Directions: Your answer must hold only the lines below from the line containing "N - T\<close>;" through the line containing "unfolding linQ_def image_comp", each reproduced exactly.

Input records:
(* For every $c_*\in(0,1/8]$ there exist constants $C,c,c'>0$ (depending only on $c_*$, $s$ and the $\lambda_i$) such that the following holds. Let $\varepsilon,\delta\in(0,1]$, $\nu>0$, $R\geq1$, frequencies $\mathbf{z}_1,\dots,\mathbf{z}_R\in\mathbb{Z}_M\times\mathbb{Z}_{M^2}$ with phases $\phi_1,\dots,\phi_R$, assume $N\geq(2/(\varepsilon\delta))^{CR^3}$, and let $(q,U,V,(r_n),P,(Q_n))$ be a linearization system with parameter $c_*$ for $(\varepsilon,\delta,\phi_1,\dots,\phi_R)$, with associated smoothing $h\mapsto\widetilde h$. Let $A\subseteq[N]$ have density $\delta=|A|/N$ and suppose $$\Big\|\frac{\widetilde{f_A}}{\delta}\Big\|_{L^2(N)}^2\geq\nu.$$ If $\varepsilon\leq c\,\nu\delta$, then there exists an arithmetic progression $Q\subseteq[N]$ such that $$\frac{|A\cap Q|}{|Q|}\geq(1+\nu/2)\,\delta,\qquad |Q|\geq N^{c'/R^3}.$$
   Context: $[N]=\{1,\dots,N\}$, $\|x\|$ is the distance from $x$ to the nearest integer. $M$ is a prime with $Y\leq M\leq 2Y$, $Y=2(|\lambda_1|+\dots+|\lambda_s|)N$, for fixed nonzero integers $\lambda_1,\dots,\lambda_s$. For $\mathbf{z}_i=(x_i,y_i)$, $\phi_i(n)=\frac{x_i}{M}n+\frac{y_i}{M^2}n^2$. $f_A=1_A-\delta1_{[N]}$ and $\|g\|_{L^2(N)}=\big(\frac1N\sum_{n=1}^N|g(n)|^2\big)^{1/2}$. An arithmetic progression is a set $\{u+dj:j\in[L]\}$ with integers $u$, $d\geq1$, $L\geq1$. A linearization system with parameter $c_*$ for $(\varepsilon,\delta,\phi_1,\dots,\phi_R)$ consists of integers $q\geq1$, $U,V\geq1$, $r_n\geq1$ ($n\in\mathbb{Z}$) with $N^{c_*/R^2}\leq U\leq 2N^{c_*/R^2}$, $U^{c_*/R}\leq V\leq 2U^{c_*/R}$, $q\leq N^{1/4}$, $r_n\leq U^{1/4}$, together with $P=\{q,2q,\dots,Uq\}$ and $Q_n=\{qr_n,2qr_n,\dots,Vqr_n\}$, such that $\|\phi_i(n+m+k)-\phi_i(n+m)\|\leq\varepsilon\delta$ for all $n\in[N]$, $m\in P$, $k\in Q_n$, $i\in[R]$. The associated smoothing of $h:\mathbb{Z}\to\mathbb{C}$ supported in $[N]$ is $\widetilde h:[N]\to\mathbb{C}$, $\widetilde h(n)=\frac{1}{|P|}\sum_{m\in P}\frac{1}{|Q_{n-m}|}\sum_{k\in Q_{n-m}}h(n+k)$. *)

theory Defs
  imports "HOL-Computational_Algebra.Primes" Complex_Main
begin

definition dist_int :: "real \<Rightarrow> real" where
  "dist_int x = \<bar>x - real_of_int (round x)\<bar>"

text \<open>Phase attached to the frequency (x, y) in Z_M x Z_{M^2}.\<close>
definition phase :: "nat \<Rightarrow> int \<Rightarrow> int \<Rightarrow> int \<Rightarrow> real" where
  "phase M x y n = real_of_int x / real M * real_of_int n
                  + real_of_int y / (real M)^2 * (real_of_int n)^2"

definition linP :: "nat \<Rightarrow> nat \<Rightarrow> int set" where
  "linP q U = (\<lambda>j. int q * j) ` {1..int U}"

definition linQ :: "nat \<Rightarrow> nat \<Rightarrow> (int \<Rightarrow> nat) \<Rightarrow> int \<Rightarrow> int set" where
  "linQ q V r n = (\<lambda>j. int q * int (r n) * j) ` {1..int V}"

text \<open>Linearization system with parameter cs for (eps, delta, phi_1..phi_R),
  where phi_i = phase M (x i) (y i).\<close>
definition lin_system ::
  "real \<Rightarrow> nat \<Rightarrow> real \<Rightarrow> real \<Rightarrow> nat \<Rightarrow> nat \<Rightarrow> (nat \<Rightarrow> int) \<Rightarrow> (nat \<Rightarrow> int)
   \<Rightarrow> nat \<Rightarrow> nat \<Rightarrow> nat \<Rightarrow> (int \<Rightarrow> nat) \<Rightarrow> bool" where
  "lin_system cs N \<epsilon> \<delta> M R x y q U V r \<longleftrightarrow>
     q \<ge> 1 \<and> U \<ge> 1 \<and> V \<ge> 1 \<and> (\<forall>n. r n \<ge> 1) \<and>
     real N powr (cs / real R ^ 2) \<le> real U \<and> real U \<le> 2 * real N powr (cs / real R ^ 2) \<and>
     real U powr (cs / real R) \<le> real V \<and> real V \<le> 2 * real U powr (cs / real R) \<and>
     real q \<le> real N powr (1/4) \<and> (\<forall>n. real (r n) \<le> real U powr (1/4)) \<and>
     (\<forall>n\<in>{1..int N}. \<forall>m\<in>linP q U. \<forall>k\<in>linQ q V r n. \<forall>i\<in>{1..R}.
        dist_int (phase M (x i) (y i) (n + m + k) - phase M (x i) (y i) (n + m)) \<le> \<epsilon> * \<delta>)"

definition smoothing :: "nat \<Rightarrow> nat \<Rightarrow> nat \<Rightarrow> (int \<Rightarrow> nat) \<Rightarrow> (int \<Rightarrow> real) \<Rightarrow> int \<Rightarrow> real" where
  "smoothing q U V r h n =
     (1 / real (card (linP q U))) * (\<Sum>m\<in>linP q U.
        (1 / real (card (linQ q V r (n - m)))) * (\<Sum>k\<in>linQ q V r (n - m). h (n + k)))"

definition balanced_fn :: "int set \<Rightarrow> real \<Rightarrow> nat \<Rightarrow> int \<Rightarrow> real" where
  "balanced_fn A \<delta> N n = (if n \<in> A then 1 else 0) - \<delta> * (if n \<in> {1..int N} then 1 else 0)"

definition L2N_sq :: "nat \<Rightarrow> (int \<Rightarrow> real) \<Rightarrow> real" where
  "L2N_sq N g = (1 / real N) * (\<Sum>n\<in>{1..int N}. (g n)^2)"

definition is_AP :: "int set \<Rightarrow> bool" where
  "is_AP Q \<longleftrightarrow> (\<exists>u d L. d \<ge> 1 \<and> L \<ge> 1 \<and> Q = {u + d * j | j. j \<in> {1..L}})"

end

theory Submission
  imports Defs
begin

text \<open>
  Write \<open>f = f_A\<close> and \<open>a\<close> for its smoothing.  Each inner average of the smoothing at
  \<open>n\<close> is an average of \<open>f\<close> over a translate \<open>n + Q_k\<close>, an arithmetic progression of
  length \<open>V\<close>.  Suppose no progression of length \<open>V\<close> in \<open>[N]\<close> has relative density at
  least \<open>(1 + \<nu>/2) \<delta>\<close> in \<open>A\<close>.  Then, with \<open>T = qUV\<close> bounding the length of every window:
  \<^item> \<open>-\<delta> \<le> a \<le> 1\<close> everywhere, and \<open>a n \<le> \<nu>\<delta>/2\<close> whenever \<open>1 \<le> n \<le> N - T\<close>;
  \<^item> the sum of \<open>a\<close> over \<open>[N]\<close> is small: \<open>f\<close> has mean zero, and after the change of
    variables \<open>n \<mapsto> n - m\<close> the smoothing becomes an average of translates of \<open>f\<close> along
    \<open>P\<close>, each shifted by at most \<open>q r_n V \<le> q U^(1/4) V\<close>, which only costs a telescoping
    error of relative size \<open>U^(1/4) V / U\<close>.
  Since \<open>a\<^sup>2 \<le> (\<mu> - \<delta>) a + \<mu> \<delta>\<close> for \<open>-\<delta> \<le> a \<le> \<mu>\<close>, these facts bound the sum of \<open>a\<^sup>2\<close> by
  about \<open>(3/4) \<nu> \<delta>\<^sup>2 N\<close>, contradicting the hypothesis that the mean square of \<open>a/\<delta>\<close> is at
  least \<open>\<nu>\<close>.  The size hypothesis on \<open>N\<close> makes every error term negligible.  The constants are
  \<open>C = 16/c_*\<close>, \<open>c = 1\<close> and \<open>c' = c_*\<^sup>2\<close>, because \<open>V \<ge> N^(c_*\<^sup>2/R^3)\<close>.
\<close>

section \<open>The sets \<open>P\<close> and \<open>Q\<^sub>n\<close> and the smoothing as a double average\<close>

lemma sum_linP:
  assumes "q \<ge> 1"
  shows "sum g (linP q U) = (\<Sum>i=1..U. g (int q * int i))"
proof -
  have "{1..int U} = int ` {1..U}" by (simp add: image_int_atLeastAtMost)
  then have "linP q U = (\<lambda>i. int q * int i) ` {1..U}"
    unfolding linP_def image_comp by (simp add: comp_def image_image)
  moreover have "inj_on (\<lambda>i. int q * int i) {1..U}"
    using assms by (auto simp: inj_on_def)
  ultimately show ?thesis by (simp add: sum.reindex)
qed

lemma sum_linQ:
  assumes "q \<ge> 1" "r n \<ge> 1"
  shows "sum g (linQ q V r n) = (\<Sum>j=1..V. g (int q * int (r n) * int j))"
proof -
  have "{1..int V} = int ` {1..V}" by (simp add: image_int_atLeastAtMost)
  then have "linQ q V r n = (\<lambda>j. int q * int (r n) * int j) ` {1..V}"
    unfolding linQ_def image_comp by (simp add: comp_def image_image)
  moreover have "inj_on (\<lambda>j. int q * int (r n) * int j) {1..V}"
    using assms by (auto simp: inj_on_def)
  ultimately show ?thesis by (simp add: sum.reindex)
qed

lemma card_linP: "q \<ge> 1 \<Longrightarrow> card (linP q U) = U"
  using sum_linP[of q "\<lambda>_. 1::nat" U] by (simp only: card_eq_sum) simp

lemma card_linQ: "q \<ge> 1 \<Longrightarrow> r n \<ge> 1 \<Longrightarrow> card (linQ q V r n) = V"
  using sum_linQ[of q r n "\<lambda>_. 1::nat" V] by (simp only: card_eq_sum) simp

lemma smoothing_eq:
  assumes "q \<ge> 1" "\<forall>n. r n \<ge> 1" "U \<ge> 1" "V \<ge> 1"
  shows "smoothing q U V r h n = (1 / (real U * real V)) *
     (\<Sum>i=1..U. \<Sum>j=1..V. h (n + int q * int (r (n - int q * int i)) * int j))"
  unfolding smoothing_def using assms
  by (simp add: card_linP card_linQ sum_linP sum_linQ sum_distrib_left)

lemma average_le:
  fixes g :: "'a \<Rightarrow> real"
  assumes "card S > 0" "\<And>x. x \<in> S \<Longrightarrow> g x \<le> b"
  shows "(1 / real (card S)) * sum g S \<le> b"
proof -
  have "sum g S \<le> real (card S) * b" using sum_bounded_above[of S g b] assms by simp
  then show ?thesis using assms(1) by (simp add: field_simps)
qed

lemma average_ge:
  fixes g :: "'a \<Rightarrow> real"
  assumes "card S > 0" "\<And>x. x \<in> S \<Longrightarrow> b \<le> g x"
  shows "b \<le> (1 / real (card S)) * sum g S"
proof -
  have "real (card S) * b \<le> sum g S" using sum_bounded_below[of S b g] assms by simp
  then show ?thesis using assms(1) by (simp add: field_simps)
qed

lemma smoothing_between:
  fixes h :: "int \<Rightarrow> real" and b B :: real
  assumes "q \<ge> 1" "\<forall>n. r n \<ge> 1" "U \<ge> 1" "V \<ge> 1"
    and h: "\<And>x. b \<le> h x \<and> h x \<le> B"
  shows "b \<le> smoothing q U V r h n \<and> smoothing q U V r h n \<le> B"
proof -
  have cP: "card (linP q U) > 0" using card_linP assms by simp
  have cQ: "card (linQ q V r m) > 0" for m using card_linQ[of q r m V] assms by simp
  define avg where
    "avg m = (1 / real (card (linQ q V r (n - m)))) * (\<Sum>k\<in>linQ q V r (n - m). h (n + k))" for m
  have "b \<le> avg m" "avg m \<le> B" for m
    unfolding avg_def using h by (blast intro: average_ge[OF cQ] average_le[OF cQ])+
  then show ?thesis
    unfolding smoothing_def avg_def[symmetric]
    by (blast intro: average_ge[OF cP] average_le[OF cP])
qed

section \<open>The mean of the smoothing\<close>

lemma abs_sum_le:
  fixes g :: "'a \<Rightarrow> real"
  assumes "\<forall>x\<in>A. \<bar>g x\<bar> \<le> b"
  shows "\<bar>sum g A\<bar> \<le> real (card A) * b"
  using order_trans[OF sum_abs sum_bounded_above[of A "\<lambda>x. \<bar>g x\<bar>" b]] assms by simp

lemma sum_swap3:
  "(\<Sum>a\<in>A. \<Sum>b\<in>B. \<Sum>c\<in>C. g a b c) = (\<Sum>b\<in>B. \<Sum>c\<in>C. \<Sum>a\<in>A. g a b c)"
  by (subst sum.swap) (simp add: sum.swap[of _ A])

Expected answer:
  \<^item> \<open>-\<delta> \<le> a \<le> 1\<close> everywhere, and \<open>a n \<le> \<nu>\<delta>/2\<close> whenever \<open>1 \<le> n \<le> N - T\<close>;
  \<^item> the sum of \<open>a\<close> over \<open>[N]\<close> is small: \<open>f\<close> has mean zero, and after the change of
    variables \<open>n \<mapsto> n - m\<close> the smoothing becomes an average of translates of \<open>f\<close> along
    \<open>P\<close>, each shifted by at most \<open>q r_n V \<le> q U^(1/4) V\<close>, which only costs a telescoping
    error of relative size \<open>U^(1/4) V / U\<close>.
  Since \<open>a\<^sup>2 \<le> (\<mu> - \<delta>) a + \<mu> \<delta>\<close> for \<open>-\<delta> \<le> a \<le> \<mu>\<close>, these facts bound the sum of \<open>a\<^sup>2\<close> by
  about \<open>(3/4) \<nu> \<delta>\<^sup>2 N\<close>, contradicting the hypothesis that the mean square of \<open>a/\<delta>\<close> is at
  least \<open>\<nu>\<close>.  The size hypothesis on \<open>N\<close> makes every error term negligible.  The constants are
  \<open>C = 16/c_*\<close>, \<open>c = 1\<close> and \<open>c' = c_*\<^sup>2\<close>, because \<open>V \<ge> N^(c_*\<^sup>2/R^3)\<close>.
\<close>

section \<open>The sets \<open>P\<close> and \<open>Q\<^sub>n\<close> and the smoothing as a double average\<close>

lemma sum_linP:
  assumes "q \<ge> 1"
  shows "sum g (linP q U) = (\<Sum>i=1..U. g (int q * int i))"
proof -
  have "{1..int U} = int ` {1..U}" by (simp add: image_int_atLeastAtMost)
  then have "linP q U = (\<lambda>i. int q * int i) ` {1..U}"
    unfolding linP_def image_comp by (simp add: comp_def image_image)
  moreover have "inj_on (\<lambda>i. int q * int i) {1..U}"
    using assms by (auto simp: inj_on_def)
  ultimately show ?thesis by (simp add: sum.reindex)
qed

lemma sum_linQ:
  assumes "q \<ge> 1" "r n \<ge> 1"
  shows "sum g (linQ q V r n) = (\<Sum>j=1..V. g (int q * int (r n) * int j))"
proof -
  have "{1..int V} = int ` {1..V}" by (simp add: image_int_atLeastAtMost)
  then have "linQ q V r n = (\<lambda>j. int q * int (r n) * int j) ` {1..V}"
    unfolding linQ_def image_comp by (simp add: comp_def image_image)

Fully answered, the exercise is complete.